I set the ratio of skill vs. a replacement grantmaker to be mean 1.2 with mass either side of 1. This reflects the fact grantmakers may be better or worse than their counterfactual replacement, but also that on average their being hired implies that they are expected to perform better.
Taken together, I get a mean estimate of $5.7m for the Open Philanthropy-equivalent resources counterfactually moved by grantmaking activities of the prospective marginal grantmaker, conditional on job offer.
Impact from other paths
Linch claims that some fraction of grantmakers' impact comes from things that look like ‘improving all grantmaking processes at their organization,’ ‘improving the work/selection of their grantees,’ and other paths that I did not attempt to categorize. I add the categorized paths in to my estimate of impact.
My mean estimate for the Open Philanthropy-equivalent impact from non-grantmaking activities sums to around $30m (equivalent). ~70% of this comes from improving all grantmaking, ~30% from improving grantees.
Units
In order to calculate impact for the whole career path, I multiply annual impact by the number of years employed as a grantmaker.
Finally, to convert impact into terms of x-risk basis points, I divide by USD per x-risk basis point.

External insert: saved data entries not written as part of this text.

(* Let $\{w^k\}$ be generated by Algorithm 2 (running infinitely). Each accumulation point $\bar w$ of $\{w^k\}$ is feasible for (P) (i.e., $G(\bar w)\in C$ and $\bar w\in D$) provided one of the following holds: (a) $\{\rho_k\}$ is bounded; or (b) there is $B\in\mathbb R$ with $\mathcal L_{\rho_k}(w^{k+1},u^k)\le B$ for all $k\in\mathbb N$.
   Context: Standing setting: $\mathbb W,\mathbb Y$ Euclidean spaces; (P) is $\min f(w)$ s.t. $G(w)\in C$, $w\in D$, with $f\colon\mathbb W\to\mathbb R$, $G\colon\mathbb W\to\mathbb Y$ continuously differentiable, $C\subset\mathbb Y$ nonempty closed convex, $D\subset\mathbb W$ nonempty closed. $P_C$ is the Euclidean projection onto $C$, $d_C(y)=\|y-P_C(y)\|$; $\mathcal N^{\lim}_D(\bar w):=\limsup_{w\to\bar w}\operatorname{cone}(w-\Pi_D(w))$ for $\bar w\in D$ ($\Pi_D$ multivalued projection, outer set limit), $\varnothing$ for $\bar w\notin D$. Augmented Lagrangian $\mathcal L_\rho(w,\lambda):=f(w)+\frac\rho2 d_C^2(G(w)+\lambda/\rho)$; $V_\rho(w,u):=\|G(w)-P_C(G(w)+u/\rho)\|$. Algorithm 2: data $\rho_0>0$, $\beta>1$, $\eta\in(0,1)$, $w^0\in D$, a nonempty bounded set $U\subset\mathbb Y$. For $k=0,1,\dots$: choose $u^k\in U$; compute $w^{k+1}$ and $\varepsilon^{k+1}\in\mathbb W$ with $\varepsilon^{k+1}\in\nabla_w\mathcal L_{\rho_k}(w^{k+1},u^k)+\mathcal N^{\lim}_D(w^{k+1})$ (so $w^{k+1}\in D$); set $\lambda^{k+1}:=\rho_k[G(w^{k+1})+u^k/\rho_k-P_C(G(w^{k+1})+u^k/\rho_k)]$; if $k=0$ or $V_{\rho_k}(w^{k+1},u^k)\le\eta V_{\rho_{k-1}}(w^k,u^{k-1})$ set $\rho_{k+1}:=\rho_k$, else $\rho_{k+1}:=\beta\rho_k$. *)

theory Defs
  imports "HOL-Analysis.Analysis"
begin

definition C1_map :: "('a::euclidean_space \<Rightarrow> 'b::euclidean_space) \<Rightarrow> bool" where
  "C1_map F \<longleftrightarrow> (\<exists>F'. (\<forall>x. (F has_derivative blinfun_apply (F' x)) (at x)) \<and> continuous_on UNIV F')"

definition projC :: "'b::euclidean_space set \<Rightarrow> 'b \<Rightarrow> 'b" where
  "projC C y = closest_point C y"

definition distC :: "'b::euclidean_space set \<Rightarrow> 'b \<Rightarrow> real" where
  "distC C y = norm (y - projC C y)"

definition proj_set :: "'a::euclidean_space set \<Rightarrow> 'a \<Rightarrow> 'a set" where
  "proj_set D w = {z \<in> D. \<forall>z'\<in>D. dist w z \<le> dist w z'}"

definition lim_normal_cone :: "'a::euclidean_space set \<Rightarrow> 'a \<Rightarrow> 'a set" where
  "lim_normal_cone D wb =
     (if wb \<in> D then
        {v. \<exists>ws vs. ws \<longlonglongrightarrow> wb \<and> vs \<longlonglongrightarrow> v \<and>
              (\<forall>k. vs k \<in> cone hull ((\<lambda>z. ws k - z) ` proj_set D (ws k)))}
      else {})"

definition AL :: "('a::euclidean_space \<Rightarrow> real) \<Rightarrow> ('a \<Rightarrow> 'b::euclidean_space) \<Rightarrow> 'b set
                  \<Rightarrow> real \<Rightarrow> 'a \<Rightarrow> 'b \<Rightarrow> real" where
  "AL f G C \<rho> w lam = f w + \<rho> / 2 * (distC C (G w + (1 / \<rho>) *\<^sub>R lam))\<^sup>2"

definition Vfun :: "('a::euclidean_space \<Rightarrow> 'b::euclidean_space) \<Rightarrow> 'b set
                  \<Rightarrow> real \<Rightarrow> 'a \<Rightarrow> 'b \<Rightarrow> real" where
  "Vfun G C \<rho> w u = norm (G w - projC C (G w + (1 / \<rho>) *\<^sub>R u))"

end

theory Submission
  imports Defs
begin

text \<open>The iterates stay in the closed set \<open>D\<close>, so only \<open>G wbar \<in> C\<close> needs work; it suffices
that \<open>infdist (G (w k)) C\<close> tends to zero along a subsequence converging to \<open>wbar\<close>.
If the penalties stay bounded, the safeguarded update eventually never fires, so the
infeasibility measure \<open>V\<close> contracts geometrically and dominates that distance.  If they are
unbounded, they tend to infinity by monotonicity, and the bound on the augmented Lagrangian,
together with the boundedness of \<open>f\<close> near \<open>wbar\<close> and of the safeguarded multipliers, forces the
penalty term \<open>dist(G w + u/\<rho>, C)\<^sup>2 \<le> 2(B - f w)/\<rho>\<close> and the shift \<open>u/\<rho>\<close> to vanish.\<close>

lemma C1_map_isCont: "C1_map F \<Longrightarrow> isCont F x"
  unfolding C1_map_def by (meson has_derivative_continuous)

lemma lim_normal_cone_memD: "v \<in> lim_normal_cone D x \<Longrightarrow> x \<in> D"
  unfolding lim_normal_cone_def by (auto split: if_splits)

lemma projC_in: "closed C \<Longrightarrow> C \<noteq> {} \<Longrightarrow> projC C y \<in> C"
  unfolding projC_def by (rule closest_point_in_set)

lemma infdist_le_Vfun:
  assumes "closed C" "C \<noteq> {}"
  shows "infdist (G w) C \<le> Vfun G C \<rho> w u"
  using infdist_le[OF projC_in[OF assms]] by (simp add: Vfun_def dist_norm)

lemma infdist_le_distC_add:
  assumes "closed C" "C \<noteq> {}"
  shows "infdist y C \<le> distC C (y + v) + norm v"
proof -
  have "infdist y C \<le> infdist (y + v) C + dist y (y + v)"
    by (rule infdist_triangle)
  also have "infdist (y + v) C \<le> distC C (y + v)"
    using infdist_le[OF projC_in[OF assms]] by (simp add: distC_def dist_norm)
  finally show ?thesis by (simp add: dist_norm)
qed

locale penalty_sequence =
  fixes \<rho> :: "nat \<Rightarrow> real" and \<beta> :: real
  assumes pos_0: "\<rho> 0 > 0" and beta_gt_1: "\<beta> > 1"
    and step: "\<And>k. \<rho> (Suc k) = \<rho> k \<or> \<rho> (Suc k) = \<beta> * \<rho> k"
begin

lemma pos: "\<rho> k > 0"
  by (induction k) (use pos_0 beta_gt_1 step in \<open>metis mult_pos_pos less_trans zero_less_one\<close>)+

lemma mono: "mono \<rho>"
proof (rule mono_iff_le_Suc[THEN iffD2], intro allI)
  fix k show "\<rho> k \<le> \<rho> (Suc k)"
    using step[of k] pos[of k] beta_gt_1 by auto
qed

lemma eventually_constant_if_bounded:
  assumes "bounded (range \<rho>)"
  shows "\<exists>K. \<forall>k\<ge>K. \<rho> (Suc k) = \<rho> k"
proof (rule ccontr)
  assume infinitely_often: "\<not> ?thesis"
  obtain M where M: "\<And>k. \<rho> k \<le> M"
    using assms unfolding bounded_iff by (metis abs_le_D1 rangeI real_norm_def)
  have grows: "\<exists>k. \<rho> 0 * \<beta> ^ n \<le> \<rho> k" for n
  proof (induction n)
    case (Suc n)
    then obtain k where k: "\<rho> 0 * \<beta> ^ n \<le> \<rho> k" by blast
    from infinitely_often obtain k' where "k \<le> k'" "\<rho> (Suc k') \<noteq> \<rho> k'" by blast
    then have "\<rho> (Suc k') = \<beta> * \<rho> k'" "\<rho> k \<le> \<rho> k'"
      using step[of k'] mono by (auto simp: mono_def)
    then have "\<beta> * (\<rho> 0 * \<beta> ^ n) \<le> \<rho> (Suc k')"
      using k beta_gt_1 by simp
    then show ?case by (auto simp: mult_ac)
  qed auto
  obtain n where "M < \<rho> 0 * \<beta> ^ n"
    using real_arch_pow[OF beta_gt_1, of "M / \<rho> 0"] pos_0 by (auto simp: field_simps)
  moreover obtain k where "\<rho> 0 * \<beta> ^ n \<le> \<rho> k"
    using grows by blast
  ultimately show False using M[of k] by simp
qed

lemma tendsto_at_top_if_unbounded:
  assumes "\<not> bounded (range \<rho>)"
  shows "filterlim \<rho> at_top sequentially"
proof (subst filterlim_at_top, intro allI)
  fix Z
  obtain k where "Z \<le> \<rho> k"
    using assms unfolding bounded_iff
    by (metis abs_of_pos linorder_not_less nle_le pos rangeE real_norm_def)
  then show "\<forall>\<^sub>F n in sequentially. Z \<le> \<rho> n"
    using mono unfolding eventually_sequentially mono_def by (meson order.trans)
qed

end

lemma eventually_contracting_tendsto_zero:
  fixes a :: "nat \<Rightarrow> real"
  assumes "0 \<le> \<eta>" "\<eta> < 1" "\<And>k. 0 \<le> a k" "\<And>k. K \<le> k \<Longrightarrow> a (Suc k) \<le> \<eta> * a k"
  shows "a \<longlonglongrightarrow> 0"
proof -
  have geometric: "a (n + K) \<le> \<eta> ^ n * a K" for n
  proof (induction n)
    case (Suc n)
    have "a (Suc n + K) \<le> \<eta> * a (n + K)" using assms(4)[of "n + K"] by simp
    also have "\<dots> \<le> \<eta> * (\<eta> ^ n * a K)" using Suc assms(1) by (rule mult_left_mono)
    finally show ?case by simp
  qed simp
  have "(\<lambda>n. \<eta> ^ n * a K) \<longlonglongrightarrow> 0"
    using assms(1,2) by (intro tendsto_mult_left_zero LIMSEQ_power_zero) auto
  then have "(\<lambda>n. a (n + K)) \<longlonglongrightarrow> 0"
    by (rule Lim_null_comparison[rotated]) (use assms(3) geometric in auto)
  then show ?thesis by (rule LIMSEQ_offset)
qed

text \<open>The update rule of the algorithm, with \<open>a (Suc k)\<close> the infeasibility measure of iteration \<open>k\<close>.\<close>

lemma infeasibility_tendsto_zero_if_penalty_bounded:
  fixes a \<rho> :: "nat \<Rightarrow> real"
  assumes "\<rho> 0 > 0" "\<beta> > 1" "0 \<le> \<eta>" "\<eta> < 1" "\<And>k. 0 \<le> a k"
    and update: "\<And>k. \<rho> (Suc k) = (if k = 0 \<or> a (Suc k) \<le> \<eta> * a k then \<rho> k else \<beta> * \<rho> k)"
    and "bounded (range \<rho>)"
  shows "a \<longlonglongrightarrow> 0"
proof -
  interpret penalty_sequence \<rho> \<beta>
    using assms(1,2) update by unfold_locales auto
  obtain K where K: "\<And>k. K \<le> k \<Longrightarrow> \<rho> (Suc k) = \<rho> k"
    using eventually_constant_if_bounded[OF assms(7)] by blast
  have "a (Suc k) \<le> \<eta> * a k" if "Suc K \<le> k" for k
    using update[of k] K[of k] that pos[of k] assms(2) by (auto split: if_splits)
  then show ?thesis by (rule eventually_contracting_tendsto_zero[OF assms(3-5)])
qed

lemma infdist_tendsto_zero_if_AL_bounded:
  fixes x :: "nat \<Rightarrow> 'a::euclidean_space" and u :: "nat \<Rightarrow> 'b::euclidean_space"
  assumes C: "closed C" "C \<noteq> {}"
    and \<rho>: "filterlim \<rho> at_top sequentially"
    and AL_bound: "\<And>j. AL f G C (\<rho> j) (x j) (u j) \<le> B"
    and "convergent (\<lambda>j. f (x j))" and "bounded (range u)"
  shows "(\<lambda>j. infdist (G (x j)) C) \<longlonglongrightarrow> 0"
proof -
  obtain m where f_bound: "\<And>j. m \<le> f (x j)"
    using BseqE[OF convergent_imp_Bseq[OF assms(5)]] by (metis abs_le_D2 real_norm_def minus_le_iff)
  obtain M where u_bound: "\<And>j. norm (u j) \<le> M"
    using assms(6) unfolding bounded_iff by blast
  define v where "v j = (1 / \<rho> j) *\<^sub>R u j" for j
  define d where "d j = distC C (G (x j) + v j)" for j
  have \<rho>_pos: "\<forall>\<^sub>F j in sequentially. 0 < \<rho> j"
    using \<rho> by (simp add: filterlim_at_top_dense)
  have \<rho>_inf: "filterlim \<rho> at_infinity sequentially"
    using \<rho> by (rule filterlim_at_top_imp_at_infinity)
  have v: "v \<longlonglongrightarrow> 0"
  proof (rule Lim_null_comparison)
    show "\<forall>\<^sub>F j in sequentially. norm (v j) \<le> M / \<rho> j"
      using \<rho>_pos by eventually_elim (use u_bound in \<open>simp add: v_def divide_right_mono\<close>)
    show "(\<lambda>j. M / \<rho> j) \<longlonglongrightarrow> 0" by (rule tendsto_divide_0[OF tendsto_const \<rho>_inf])
  qed
  have "(\<lambda>j. (d j)\<^sup>2) \<longlonglongrightarrow> 0"
  proof (rule Lim_null_comparison)
    show "\<forall>\<^sub>F j in sequentially. norm ((d j)\<^sup>2) \<le> 2 * (B - m) / \<rho> j"
      using \<rho>_pos
    proof eventually_elim
      case (elim j)
      have "m + \<rho> j / 2 * (d j)\<^sup>2 \<le> B"
        using AL_bound[of j] f_bound[of j] by (simp add: AL_def d_def v_def)
      with elim show ?case by (simp add: field_simps)
    qed
    show "(\<lambda>j. 2 * (B - m) / \<rho> j) \<longlonglongrightarrow> 0" by (rule tendsto_divide_0[OF tendsto_const \<rho>_inf])
  qed
  then have "(\<lambda>j. sqrt ((d j)\<^sup>2)) \<longlonglongrightarrow> 0"
    using tendsto_real_sqrt by fastforce
  then have d: "d \<longlonglongrightarrow> 0"
    by (simp add: d_def[abs_def] distC_def)
  show ?thesis
  proof (rule Lim_null_comparison)
    show "\<forall>\<^sub>F j in sequentially. norm (infdist (G (x j)) C) \<le> d j + norm (v j)"
      using infdist_le_distC_add[OF C] by (simp add: d_def infdist_nonneg)
    show "(\<lambda>j. d j + norm (v j)) \<longlonglongrightarrow> 0"
      using tendsto_add[OF d tendsto_norm[OF v]] by simp
  qed
qed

Estimates for this quantity come from this comment.
Putting everything together
All considered, I get an estimate of the x-risk basis points reduced by the prospective marginal grantmaker of 0.12 in expectation. There is a ~27% chance of having a negative counterfactual impact (vs. replacement grantmaker) and a ~5% chance of having an impact greater than expected.
For full details, see my code in the appendix.
Limitations
There might be over- or under-counting issues. For instance, I guess that the average number of years employed will be 11. This corresponds to me excluding the impact of the grantmaker’s post-grantmaking career from my definition of career path. Several possible implementation choices seem valid here.
It goes without saying that personal factors (chance of getting jobs, grantmaker skill, etc.) could change the numbers significantly. As could cause area, changes in funding landscape, changes in Open Philanthropy-equivalentness of other organizations, etc..
I’ve ignored the Shapley values debate.
Several of the distributions that I have made guesses for could quite easily come from actual data instead — e.g. the chance of getting any particular grantmaking job, and Open Philanthropy grant amounts.
Appendix
Here’s the code! You can mess around with it in squiggle playground.
// chance of success
n_organisations_available = truncateLeft((3 to 30) - 1, 0)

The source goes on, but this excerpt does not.